Title: Association of the dietary index for gut microbiota and dietary inflammation index with metabolic dysfunction-associated steatotic liver disease and metabolic alcohol-associated liver disease
Authors: Wu, Wenhao; Hou, Zebin
Source: Frontiers in Immunology ; volume 16 ; ISSN 1664-3224
Publisher Information: Frontiers Media SA
Publication Year: 2025
Collection: Frontiers (Publisher - via CrossRef)
Description: Background Metabolic dysfunction-associated steatotic liver disease (MASLD) and alcohol-associated metabolic dysfunction-associated liver disease (MetALD) are significant public health concerns, with diet playing a pivotal role in their pathogenesis.

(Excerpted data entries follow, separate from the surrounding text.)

lemma ln_ratio_deviation_bounds:
  fixes z g :: real assumes "0 < z" "0 < g"
  shows "(z - g)^2 / (2 * max z g) \<le> z - g - g * ln (z / g)"
    and "z - g - g * ln (z / g) \<le> (z - g)^2 / (2 * min z g)"
proof -
  have scale: "g * ((z/g - 1)^2 / (2 * (c / g))) = (z - g)^2 / (2 * c)" if "0 < c" for c
    using assms that by (simp add: field_simps power2_eq_square)
  have max: "max (z/g) 1 = max z g / g" and min: "min (z/g) 1 = min z g / g"
    using assms by (auto simp: max_def min_def field_simps)
  have "(z - g)^2 / (2 * max z g) = g * ((z/g - 1)^2 / (2 * max (z/g) 1))"
    using scale[of "max z g"] assms by (simp add: max)
  also have "\<dots> \<le> g * (z/g - 1 - ln (z/g))"
    using assms by (intro mult_left_mono ln_deviation_bounds) auto
  also have "\<dots> = z - g - g * ln (z / g)"
    using assms by (simp add: algebra_simps)
  finally show "(z - g)^2 / (2 * max z g) \<le> z - g - g * ln (z / g)" .
  have "z - g - g * ln (z / g) = g * (z/g - 1 - ln (z/g))"
    using assms by (simp add: algebra_simps)
  also have "\<dots> \<le> g * ((z/g - 1)^2 / (2 * min (z/g) 1))"
    using assms by (intro mult_left_mono ln_deviation_bounds) auto
  also have "\<dots> = (z - g)^2 / (2 * min z g)"
    using scale[of "min z g"] assms by (simp add: min)
  finally show "z - g - g * ln (z / g) \<le> (z - g)^2 / (2 * min z g)" .
qed

lemma sum_eq_AM: "n \<ge> 1 \<Longrightarrow> (\<Sum>i=1..n. z i) = real n * AM n z"
  by (simp add: AM_def)

lemma AM_one_minus: "n \<ge> 1 \<Longrightarrow> AM n (\<lambda>i. 1 - z i) = 1 - AM n z"
  by (simp add: AM_def sum_subtractf diff_divide_distrib)

lemma AM_const:
  assumes "n \<ge> 1" "\<And>i. i \<in> {1..n} \<Longrightarrow> z i = c"
  shows "AM n z = c"
  using assms by (simp add: AM_def)

lemma GM_pos:
  assumes "\<And>i. i \<in> {1..n} \<Longrightarrow> 0 < z i"
  shows "0 < GM n z"
  unfolding GM_def by (intro prod_pos) (simp add: assms[THEN order.strict_implies_not_eq, symmetric])

lemma ln_GM:
  assumes "\<And>i. i \<in> {1..n} \<Longrightarrow> 0 < z i"
  shows "ln (GM n z) = (\<Sum>i=1..n. ln (z i)) / real n"
proof -
  have "ln (GM n z) = (\<Sum>i=1..n. ln (z i powr (1 / real n)))"
    unfolding GM_def by (subst ln_prod) (simp_all add: assms[THEN order.strict_implies_not_eq, symmetric])
  also have "\<dots> = (\<Sum>i=1..n. ln (z i)) / real n"
    using assms by (simp add: ln_powr sum_divide_distrib)
  finally show ?thesis .
qed

lemma GM_mono:
  assumes "\<And>i. i \<in> {1..n} \<Longrightarrow> 0 \<le> z i \<and> z i \<le> w i"
  shows "GM n z \<le> GM n w"
  unfolding GM_def using assms by (intro prod_mono) (auto intro: powr_mono2)

lemma GM_const:
  assumes "n \<ge> 1" "0 < c" "\<And>i. i \<in> {1..n} \<Longrightarrow> z i = c"
  shows "GM n z = c"
proof -
  have "GM n z = (c powr (1 / real n)) ^ n"
    using assms(3) by (simp add: GM_def)
  also have "\<dots> = c"
    using assms(1,2) by (simp add: powr_realpow[symmetric] powr_powr)
  finally show ?thesis .
qed

definition sum_sq_dev :: "nat \<Rightarrow> (nat \<Rightarrow> real) \<Rightarrow> real" where
  "sum_sq_dev n z = (\<Sum>i=1..n. (z i - AM n z)^2)"

lemma sum_sq_dev_one_minus: "n \<ge> 1 \<Longrightarrow> sum_sq_dev n (\<lambda>i. 1 - z i) = sum_sq_dev n z"
  by (simp add: sum_sq_dev_def AM_one_minus power2_commute)

lemma sum_sq_dev_le:
  assumes "n \<ge> 1"
  shows "sum_sq_dev n z \<le> (\<Sum>i=1..n. (z i - c)^2)"
proof -
  have "(\<Sum>i=1..n. (z i - c)^2)
      = sum_sq_dev n z + 2 * (AM n z - c) * ((\<Sum>i=1..n. z i) - real n * AM n z) + real n * (AM n z - c)^2"
    by (simp add: sum_sq_dev_def power2_eq_square algebra_simps sum.distrib sum_subtractf
        sum_distrib_left sum_distrib_right)
  then show ?thesis
    using sum_eq_AM[OF assms, of z] by simp
qed

lemma sum_sq_dev_pos:
  assumes "\<not> (\<forall>i\<in>{1..n}. \<forall>j\<in>{1..n}. z i = z j)"
  shows "0 < sum_sq_dev n z"
proof -
  obtain i where "i \<in> {1..n}" "z i \<noteq> AM n z"
    using assms by metis
  then show ?thesis
    unfolding sum_sq_dev_def by (intro sum_pos2[of _ i]) auto
qed

lemma sum_ln_divergence:
  assumes "n \<ge> 1" "\<And>i. i \<in> {1..n} \<Longrightarrow> 0 < z i" "0 < c"
  shows "(\<Sum>i=1..n. z i - c - c * ln (z i / c)) = real n * (AM n z - c - c * (ln (GM n z) - ln c))"
proof -
  have "(\<Sum>i=1..n. z i - c - c * ln (z i / c)) = (\<Sum>i=1..n. z i - c - c * ln (z i) + c * ln c)"
  proof (intro sum.cong refl)
    fix i assume "i \<in> {1..n}"
    then show "z i - c - c * ln (z i / c) = z i - c - c * ln (z i) + c * ln c"
      using assms(2)[of i] assms(3) by (simp add: ln_div algebra_simps)
  qed
  also have "\<dots> = (\<Sum>i=1..n. z i) - real n * c - c * (\<Sum>i=1..n. ln (z i)) + real n * (c * ln c)"
    by (simp add: sum.distrib sum_subtractf sum_distrib_left)
  also have "\<dots> = real n * (AM n z - c - c * (ln (GM n z) - ln c))"
    using sum_eq_AM[OF assms(1), of z] ln_GM[OF assms(2)] assms(1) by (simp add: algebra_simps)
  finally show ?thesis .
qed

Aims: Using data from the National Health and Nutrition Examination Survey (NHANES) 2007–2018. This study investigates the associations of the dietary index for gut microbiota (DI-GM), dietary inflammatory index (DII), and their combined effects with MASLD/MetALD, while exploring the mediating roles of inflammation and metabolic dysfunction. Methods Data from the 2007 to 2018 NHANES included 9,529 participants. DI-GM and DII were calculated using 24-hour dietary recalls. Inflammatory and metabolic biomarkers—including triglyceride-glucose (TyG) index, metabolic score (MS), C-reactive protein (CRP), systemic immune inflammation index (SII), and systemic inflammatory response index (SIRI)—were analyzed. Multivariable logistic and linear regression, subgroup analyses, and restricted cubic spline (RCS) models assessed associations and dose-response relationships. Mediation analysis evaluated the roles of inflammatory and metabolic markers. Results Higher DI-GM scores were significantly associated with reduced MASLD (OR = 0.59, 95% CI: 0.46–0.75) and MetALD (OR = 0.57, 95% CI: 0.46–0.70). Conversely, higher DII scores were positively associated with MASLD (OR = 1.57, 95% CI: 1.23–2.01) and MetALD (OR = 1.40, 95% CI: 1.13–1.75). DI-GM was inversely associated with inflammation and metabolic markers (TyG: β= -0.05, MS: β= -0.11, CRP: β= -0.12, SII: β= -0.08, SIRI: β= -0.09), while DII exacerbated these markers (TyG: β= 0.06, MS: β= 0.18, CRP: β=0.14, SII: β= 0.11, SIRI: β= 0.10). The combined effects of DI-GM and DII further demonstrated that a gut microbiota-healthy and anti-inflammatory diet synergistically reduced MASLD (OR = 0.59, 95% CI: 0.43–0.81) and MetALD risks (OR = 0.58, 95% CI: 0.44–0.76). Mediation analysis confirmed that inflammation and metabolism ...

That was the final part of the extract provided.